definition unidir_link :: "(nat \<Rightarrow> nat set) \<Rightarrow> nat \<Rightarrow> nat \<Rightarrow> bool" where
  "unidir_link N j i \<longleftrightarrow> j \<in> N i \<and> i \<notin> N j"

definition ring_edges :: "nat list \<Rightarrow> (nat \<times> nat) set" where
  "ring_edges r = {(r ! k, r ! ((k + 1) mod length r)) | k. k < length r}"

definition links_ok :: "nat \<Rightarrow> (nat \<Rightarrow> nat set) \<Rightarrow> (nat \<Rightarrow> nat \<Rightarrow> real^'m^'m) \<Rightarrow> bool" where
  "links_ok n N K \<longleftrightarrow>
     (\<forall>i\<in>{1..n}. \<forall>j\<in>N i. i \<in> N j \<longrightarrow> K j i = K i j) \<and>
     (\<exists>Rs :: nat list list.
        (\<forall>r\<in>set Rs. distinct r \<and> length r \<ge> 2 \<and> set r \<subseteq> {1..n} \<and>
            (\<forall>(j,i)\<in>ring_edges r. unidir_link N j i) \<and>
            (\<exists>A. \<forall>(j,i)\<in>ring_edges r. K j i = A)) \<and>
        (\<forall>i\<in>{1..n}. \<forall>j. unidir_link N j i \<longrightarrow>
            (\<exists>!k. k < length Rs \<and> (j,i) \<in> ring_edges (Rs ! k))))"

definition follower_rhs ::
  "(nat \<Rightarrow> nat set) \<Rightarrow> (nat \<Rightarrow> nat \<Rightarrow> real^'m^'m) \<Rightarrow> (nat \<Rightarrow> nat \<Rightarrow> real) \<Rightarrow> (nat \<Rightarrow> real)
   \<Rightarrow> (real \<Rightarrow> real^'m) \<Rightarrow> (nat \<Rightarrow> real \<Rightarrow> real^'m) \<Rightarrow> nat \<Rightarrow> real \<Rightarrow> real^'m" where
  "follower_rhs N K T g x0 x i t =
     (\<Sum>j\<in>N i. K j i *v (x j (t - T j i) - x i t))
     + g i *\<^sub>R (K 0 i *v (x0 (t - T 0 i) - x i t))"

text \<open>A solution of the follower system: continuous follower trajectories on the
  real line (values at t \<le> 0 form the continuous initial history) satisfying the
  delay differential equation for all t > 0.\<close>
definition follower_solution ::
  "nat \<Rightarrow> (nat \<Rightarrow> nat set) \<Rightarrow> (nat \<Rightarrow> nat \<Rightarrow> real^'m^'m) \<Rightarrow> (nat \<Rightarrow> nat \<Rightarrow> real) \<Rightarrow> (nat \<Rightarrow> real)
   \<Rightarrow> (real \<Rightarrow> real^'m) \<Rightarrow> (nat \<Rightarrow> real \<Rightarrow> real^'m) \<Rightarrow> bool" where
  "follower_solution n N K T g x0 x \<longleftrightarrow>
     (\<forall>i\<in>{1..n}. continuous_on UNIV (x i) \<and>
        (\<forall>t>0. (x i has_vector_derivative follower_rhs N K T g x0 x i t) (at t)))"

end

theory Submission
  imports Defs
begin

text \<open>The difference of two solutions solves the follower system without leader input. Its
  Lyapunov--Krasovskii functional \<open>energy\<close> (half the squared states plus, for every link, half
  the integral of the gain's quadratic form over the delay interval) has derivative
  \<open>- dissipation\<close>, a nonnegative combination of quadratic forms in the link mismatches
  \<open>e\<^sub>i t - e\<^sub>j (t - T\<^sub>j\<^sub>i)\<close> and in the pinned states: the remaining cross terms cancel because the
  gains are symmetric on bidirectional links and equal along each unidirectional ring.
  The energy drop over a time window therefore bounds the integrals of the mismatches and of the
  pinned states. By connectivity this bound propagates from the leader to every follower, at the
  cost of one maximal delay at each end of the window and a factor 3 per link, so at some time of
  the window the energy is at most a fixed multiple of its drop. The energy thus contracts by a
  fixed factor over every window of a fixed length and decays exponentially, whatever the delays.
  For a \<open>P\<close>-periodic leader, applying this to a solution and its translate by \<open>P\<close> makes
  \<open>x (t + P) - x t\<close> exponentially small, and a telescoping series yields the periodic limit.\<close>

section \<open>Quadratic forms\<close>

definition quad_form :: "real^'n^'n \<Rightarrow> real^'n \<Rightarrow> real" where
  "quad_form A v = v \<bullet> (A *v v)"

lemma quad_form_diff:
  fixes A :: "real^'n^'n"
  assumes "transpose A = A"
  shows "quad_form A (a - b) = quad_form A a - 2 * (a \<bullet> (A *v b)) + quad_form A b"
proof -
  have "b \<bullet> (A *v a) = a \<bullet> (A *v b)"
    by (metis assms dot_lmul_matrix inner_commute vector_transpose_matrix)
  then show ?thesis
    by (simp add: quad_form_def matrix_vector_mult_diff_distrib inner_diff_left inner_diff_right)
qed

lemma quad_form_scaleR: "quad_form A (c *\<^sub>R v) = c\<^sup>2 * quad_form A v"
  by (simp add: quad_form_def matrix_vector_mult_scaleR power2_eq_square)

lemma continuous_on_quad_form [continuous_intros]:
  "continuous_on S f \<Longrightarrow> continuous_on S (\<lambda>s. quad_form A (f s))"
  unfolding quad_form_def
  by (intro continuous_intros bounded_linear.continuous_on[OF matrix_vector_mul_bounded_linear])

lemma quad_form_edge_identity:
  fixes A :: "real^'n^'n"
  assumes "transpose A = A"
  shows "a \<bullet> (A *v (b - a)) + (quad_form A c - quad_form A b) / 2
    = (quad_form A c - quad_form A a) / 2 - quad_form A (a - b) / 2"
proof -
  have "a \<bullet> (A *v (b - a)) = a \<bullet> (A *v b) - quad_form A a"
    by (simp add: quad_form_def matrix_vector_mult_diff_distrib inner_diff_right)
  then show ?thesis
    unfolding quad_form_diff[OF assms] by (simp add: field_simps)
qed

lemma quad_form_nonneg: "sym_pos_def_mat A \<Longrightarrow> 0 \<le> quad_form A v"
  by (cases "v = 0") (auto simp: quad_form_def sym_pos_def_mat_def less_imp_le)

lemma sym_pos_def_mat_coercive:
  fixes A :: "real^'n^'n"
  assumes "sym_pos_def_mat A"
  shows "\<exists>c>0. \<forall>v. c * (v \<bullet> v) \<le> quad_form A v"
proof -
  obtain w :: "real^'n" where "norm w = 1" using vector_choose_size[of 1] by auto
  then obtain u where u: "u \<in> sphere 0 1" and u_min: "\<forall>v\<in>sphere 0 1. quad_form A u \<le> quad_form A v"
    using continuous_attains_inf[OF compact_sphere _ continuous_on_quad_form[OF continuous_on_id]]
    by (metis dist_0_norm empty_iff mem_sphere)
  have "u \<noteq> 0" using u by auto
  then have "0 < quad_form A u"
    using assms by (simp add: sym_pos_def_mat_def quad_form_def)
  moreover have "quad_form A u * (v \<bullet> v) \<le> quad_form A v" for v
  proof (cases "v = 0")
    case False
    then have "(1 / norm v) *\<^sub>R v \<in> sphere 0 1" by simp
    then have "quad_form A u \<le> (1 / norm v)\<^sup>2 * quad_form A v"
      using u_min by (metis quad_form_scaleR)
    then show ?thesis
      using False by (simp add: power2_norm_eq_inner[symmetric] field_simps)
  qed (simp add: quad_form_def)
  ultimately show ?thesis by blast
qed

lemma quad_form_bounded:
  fixes A :: "real^'n^'n"
  shows "\<exists>C>0. \<forall>v. quad_form A v \<le> C * (v \<bullet> v)"
proof -
  obtain C where C: "C > 0" "\<And>v. norm (A *v v) \<le> norm v * C"
    using bounded_linear.pos_bounded[OF matrix_vector_mul_bounded_linear[of A]] by blast
  have "quad_form A v \<le> C * (v \<bullet> v)" for v
  proof -
    have "quad_form A v \<le> norm v * norm (A *v v)"
      unfolding quad_form_def by (rule norm_cauchy_schwarz)
    also have "\<dots> \<le> norm v * (norm v * C)" by (simp add: C(2) mult_left_mono)
    finally show ?thesis by (simp add: power2_norm_eq_inner[symmetric] power2_eq_square ac_simps)
  qed
  with C(1) show ?thesis by blast
qed

lemma quad_form_uniformly_coercive:
  fixes M :: "(real^'n^'n) set"
  assumes "finite M" "\<forall>A\<in>M. sym_pos_def_mat A"
  shows "\<exists>c>0. \<forall>A\<in>M. \<forall>v. c * (v \<bullet> v) \<le> quad_form A v"
proof -
  have "\<forall>A\<in>M. \<forall>\<^sub>F c in at_right 0. \<forall>v. c * (v \<bullet> v) \<le> quad_form A v"
  proof
    fix A assume "A \<in> M"
    then obtain c where "c > 0" "\<forall>v. c * (v \<bullet> v) \<le> quad_form A v"
      using assms(2) sym_pos_def_mat_coercive by blast
    then show "\<forall>\<^sub>F c in at_right 0. \<forall>v. c * (v \<bullet> v) \<le> quad_form A v"
      unfolding eventually_at_right_field
      by (metis order.trans inner_ge_zero less_eq_real_def mult_right_mono)
  qed
  then have "\<forall>\<^sub>F c in at_right 0. c > 0 \<and> (\<forall>A\<in>M. \<forall>v. c * (v \<bullet> v) \<le> quad_form A v)"
    by (intro eventually_conj eventually_at_right_less eventually_ball_finite assms(1))
  then show ?thesis
    using eventually_happens'[OF trivial_limit_at_right_real] by blast
qed

lemma quad_form_uniformly_bounded:
  fixes M :: "(real^'n^'n) set"
  assumes "finite M"
  shows "\<exists>C>0. \<forall>A\<in>M. \<forall>v. quad_form A v \<le> C * (v \<bullet> v)"
proof -
  have "\<forall>A\<in>M. \<forall>\<^sub>F C in at_top. \<forall>v. quad_form A v \<le> C * (v \<bullet> v)"
  proof
    fix A :: "real^'n^'n"
    obtain C where "\<forall>v. quad_form A v \<le> C * (v \<bullet> v)"
      using quad_form_bounded by blast
    then show "\<forall>\<^sub>F C in at_top. \<forall>v. quad_form A v \<le> C * (v \<bullet> v)"
      unfolding eventually_at_top_linorder
      by (metis order.trans inner_ge_zero mult_right_mono)
  qed
  then have "\<forall>\<^sub>F C in at_top. C > 0 \<and> (\<forall>A\<in>M. \<forall>v. quad_form A v \<le> C * (v \<bullet> v))"
    by (intro eventually_conj eventually_gt_at_top eventually_ball_finite assms)
  then show ?thesis
    using eventually_happens'[OF trivial_limit_at_top_linorder] by blast
qed

section \<open>Real analysis\<close>

lemma inner_self_half_has_real_derivative:
  fixes f :: "real \<Rightarrow> 'a::real_inner"
  assumes "(f has_vector_derivative f') (at t)"
  shows "((\<lambda>t. f t \<bullet> f t / 2) has_real_derivative f t \<bullet> f') (at t)"
proof -
  have "((\<lambda>t. f t \<bullet> f t) has_derivative (\<lambda>h. f t \<bullet> (h *\<^sub>R f') + (h *\<^sub>R f') \<bullet> f t)) (at t)"
    using assms unfolding has_vector_derivative_def by (intro has_derivative_inner)
  then have "((\<lambda>t. f t \<bullet> f t) has_real_derivative 2 * (f t \<bullet> f')) (at t)"
    unfolding has_field_derivative_def
    by (rule has_derivative_eq_rhs) (auto simp: inner_commute algebra_simps)
  from DERIV_cdivide[OF this, of 2] show ?thesis by simp
qed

◆ ◆ ◆ ◆ ◆

- **WORK TO COMPLETE**:
Copy out only the lines of the records above from the one with "j i \<longleftrightarrow>" through the one with "real^'m) \<Rightarrow> nat", exactly as they stand, both included.

- **SOLUTION TO THIS PROBLEM**:
  "unidir_link N j i \<longleftrightarrow> j \<in> N i \<and> i \<notin> N j"

definition ring_edges :: "nat list \<Rightarrow> (nat \<times> nat) set" where
  "ring_edges r = {(r ! k, r ! ((k + 1) mod length r)) | k. k < length r}"

definition links_ok :: "nat \<Rightarrow> (nat \<Rightarrow> nat set) \<Rightarrow> (nat \<Rightarrow> nat \<Rightarrow> real^'m^'m) \<Rightarrow> bool" where
  "links_ok n N K \<longleftrightarrow>
     (\<forall>i\<in>{1..n}. \<forall>j\<in>N i. i \<in> N j \<longrightarrow> K j i = K i j) \<and>
     (\<exists>Rs :: nat list list.
        (\<forall>r\<in>set Rs. distinct r \<and> length r \<ge> 2 \<and> set r \<subseteq> {1..n} \<and>
            (\<forall>(j,i)\<in>ring_edges r. unidir_link N j i) \<and>
            (\<exists>A. \<forall>(j,i)\<in>ring_edges r. K j i = A)) \<and>
        (\<forall>i\<in>{1..n}. \<forall>j. unidir_link N j i \<longrightarrow>
            (\<exists>!k. k < length Rs \<and> (j,i) \<in> ring_edges (Rs ! k))))"

definition follower_rhs ::
  "(nat \<Rightarrow> nat set) \<Rightarrow> (nat \<Rightarrow> nat \<Rightarrow> real^'m^'m) \<Rightarrow> (nat \<Rightarrow> nat \<Rightarrow> real) \<Rightarrow> (nat \<Rightarrow> real)
   \<Rightarrow> (real \<Rightarrow> real^'m) \<Rightarrow> (nat \<Rightarrow> real \<Rightarrow> real^'m) \<Rightarrow> nat \<Rightarrow> real \<Rightarrow> real^'m" where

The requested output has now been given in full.